Отец ждал меня в своем кресле на колесах. Он уже много лет не мог ходить. За время пока я был на фронте болезнь скрючила его еще больше. Зато выражение его лица было, как обычно, чрезвычайно оживленным. Он услышал мой голос, когда я еще был на площадке лестницы, и в его глазах, словно подмигивавших мне: «На этот раз они тебя здорово застукали!» — отражалась ласковая ирония. Он небрежным движением сунул палитру Большой Луизе, предупредив меня: «Осторожно, не поскользнись.
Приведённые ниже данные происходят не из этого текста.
lemma saturated_crowd:
  assumes "usp (crowd_graph m) = p"
  shows "saturated_crowded_parade m p (crowd_graph m)"
proof -
  have "p \<noteq> 1"
    using two_le_p by simp
  moreover have "\<forall>a b i. i < mult (crowd_graph m) a b
      \<and> \<not> parade_edge (map q [0..<p]) (replicate (p - 1) 0) a b i \<longrightarrow> mult (crowd_graph m) a b = m"
    using crowd_mult_eq_m by blast
  ultimately show ?thesis
    unfolding saturated_crowded_parade_def using crowded_parade_crowd[OF assms] by auto
qed

end

end

section \<open>Minor-maximal graphs\<close>

lemma minor_maximal_spanning_subgraph_eq:
  assumes max: "minor_maximal (graph_class n m k) G" and g': "graph G'"
    and S: "spanning_subgraph G G'" and m': "\<And>a b. mult G' a b \<le> m" and sp': "sp G' \<le> k"
  shows "G' = G"
proof -
  have G: "graph_class n m k G" and max': "\<And>H. graph_class n m k H \<Longrightarrow> is_minor G H \<Longrightarrow> iso H G"
    using max unfolding minor_maximal_def by auto
  then have g: "graph G"
    unfolding graph_class_def by simp
  have "k \<le> sp_floor G'"
    using sp_floor_spanning_subgraph[OF g g' S] G unfolding graph_class_def by simp
  moreover have "sp_floor G' \<le> sp G'"
    using sp_floor_le_sp[OF g' is_minor_refl] .
  ultimately have "graph_class n m k G'"
    using G g' S m' sp' unfolding graph_class_def spanning_subgraph_def by auto
  then have "iso G' G"
    using max' spanning_subgraph_is_minor[OF g g' S] by blast
  then show ?thesis
    using spanning_subgraph_iso_eq[OF g g' S] by blast
qed

definition complete_mgraph :: "nat set \<Rightarrow> nat \<Rightarrow> mgraph" where
  "complete_mgraph V m = \<lparr>verts = V, mult = (\<lambda>a b. if a \<in> V \<and> b \<in> V \<and> a \<noteq> b then m else 0)\<rparr>"

lemma minor_maximal_complete:
  assumes max: "minor_maximal (graph_class n m k) G" and k: "k + 1 = n"
  shows "saturated_crowded_parade m 1 G"
proof -
  have g: "graph G" and card: "card (verts G) = n" and m: "\<And>a b. mult G a b \<le> m"
    using max unfolding minor_maximal_def graph_class_def by auto
  let ?G' = "complete_mgraph (verts G) m"
  have g': "graph ?G'"
    using g unfolding graph_def complete_mgraph_def by auto
  have "mult G a b \<le> mult ?G' a b" for a b
  proof (cases "a \<in> verts G \<and> b \<in> verts G \<and> a \<noteq> b")
    case False
    then have "mult G a b = 0"
      using graph_mult_outside[OF g] g by auto
    then show ?thesis
      by simp
  qed (simp add: m complete_mgraph_def)
  then have "spanning_subgraph G ?G'"
    unfolding spanning_subgraph_def complete_mgraph_def by simp
  moreover have "mult ?G' a b \<le> m" for a b
    by (simp add: complete_mgraph_def)
  moreover have "sp ?G' \<le> k"
    using usp_pos[OF g'] card k unfolding sp_def complete_mgraph_def by simp
  ultimately have "?G' = G"
    by (rule minor_maximal_spanning_subgraph_eq[OF max g'])
  then have "mult G a b = mult ?G' a b" for a b
    by simp
  then have "mult G a b = m" if "a \<in> verts G" "b \<in> verts G" "a \<noteq> b" for a b
    using that unfolding complete_mgraph_def by simp
  then show ?thesis
    unfolding saturated_crowded_parade_def by simp
qed

lemma minor_maximal_crowd:
  assumes max: "minor_maximal (graph_class n m k) G" and k: "k + 2 \<le> n" and m: "1 \<le> m"
  shows "saturated_crowded_parade m (n - k) G"
proof -
  have g: "graph G" and card: "card (verts G) = n" and mG: "\<And>a b. mult G a b \<le> m"
    and spf: "sp_floor G = k"
    using max unfolding minor_maximal_def graph_class_def by auto
  obtain p q lvl where L: "parade_layout G p q lvl" and "card (verts G) \<le> p + sp_floor G"
    by (rule sp_floor_parade_layout[OF g])
  then have np: "n \<le> p + k"
    using card spf by simp
  then have p: "2 \<le> p" "p \<le> n"
    using k parade_layout.path_length_le_card[OF L] card by auto
  obtain lvl' where "parade_layout G p q lvl'"
    "\<And>w. w \<in> verts G - q ` {..<p} \<Longrightarrow> 2 \<le> lvl' w \<and> lvl' w \<le> 2 * p - 2"
    using parade_layout.clamp_spectators[OF L p(1)] by blast
  then interpret tight_parade_layout G p q lvl'
    using p(1) by (simp add: tight_parade_layout_def tight_parade_layout_axioms_def)
  have g': "graph (crowd_graph m)"
    using parade_layout.layout_graph[OF crowd_layout[OF m]] .
  have usp: "p \<le> usp (crowd_graph m)"
    using length_le_usp[OF g' unique_shortest_path_crowd[OF m]] by simp
  then have "crowd_graph m = G"
    using minor_maximal_spanning_subgraph_eq[OF max g' spanning_subgraph_crowd[OF mG] mult_crowd_le[OF m]]
      np card unfolding sp_def by simp
  moreover have "k \<le> sp (crowd_graph m)"
    using sp_floor_le_sp[OF g is_minor_refl] spf \<open>crowd_graph m = G\<close> by simp
  then have "usp (crowd_graph m) = p" "p = n - k"
    using usp np card usp_le_card[OF g'] unfolding sp_def by auto
  ultimately show ?thesis
    using saturated_crowd[OF m \<open>usp (crowd_graph m) = p\<close>] by simp
qed

theorem theorem7p6:
  fixes n m k :: nat and G :: mgraph
  assumes "(k + 2 \<le> n \<and> 1 \<le> m) \<or> (k + 1 = n \<and> 2 \<le> m)"
    and "minor_maximal (graph_class n m k) G"
  shows "saturated_crowded_parade m (n - k) G"
  using assms(1)
proof
  assume "k + 2 \<le> n \<and> 1 \<le> m"
  then show ?thesis
    using minor_maximal_crowd[OF assms(2)] by blast
next
  assume "k + 1 = n \<and> 2 \<le> m"
  then show ?thesis
    using minor_maximal_complete[OF assms(2)] by fastforce
qed

end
Консьержка, чтобы достойно встретить тебя, натерла полы на славу — нехитро и шею сломать!» Обратившись к обеим женщинам, он сказал: «Смойте-ка лучше водой весь этот блеск — как бы Жан не упал!» Я обнял отца. Борода его была влажной. Он тотчас потребовал сигарету, которую я и зажег ему. Мы не находили слов, чтобы начать разговор. Я сел в маленькое креслице матери, обитое розовым бархатом. Молчание нарушили всхлипывания Большой Луизы. Она плакала, громко сопя, как это делают крестьянки из Эссуа, деревни моей матери, откуда была родом и Большая Луиза. Это нас рассмешило, и она, обидевшись, ушла. Над ее слезливостью часто подшучивали в семье, говорили, что из-за ее слез бывают пересолены супы. Ренуар, пряча волнение, вновь принялся за свой этюд роз, «чтобы провести время», а я прошелся по квартире. Она казалась полузаброшенной.
Смолк смех натурщиц и служанок. Картины были вывезены в Кань1, стены выглядели голыми, шкафы опустели, в комнате матери пахло нафталином.
Через несколько дней наша жизнь наладилась. Я проводил время, наблюдая, как работает отец. В перерыве мы говорили о бессмысленности войны, которую он ненавидел. К обеду его кресло вкатывали в столовую; он страдал отсутствием аппетита, но соблюдал установленные обычаи. К завтраку часто приходил мой брат Пьер с женой — актрисой Верой Сержиной и двухлетним сыном Клодом. У брата рука была раздроблена пулей и его освободили от воинской службы. Несмотря на ранение, он делал попытки вернуться к своему ремеслу актера.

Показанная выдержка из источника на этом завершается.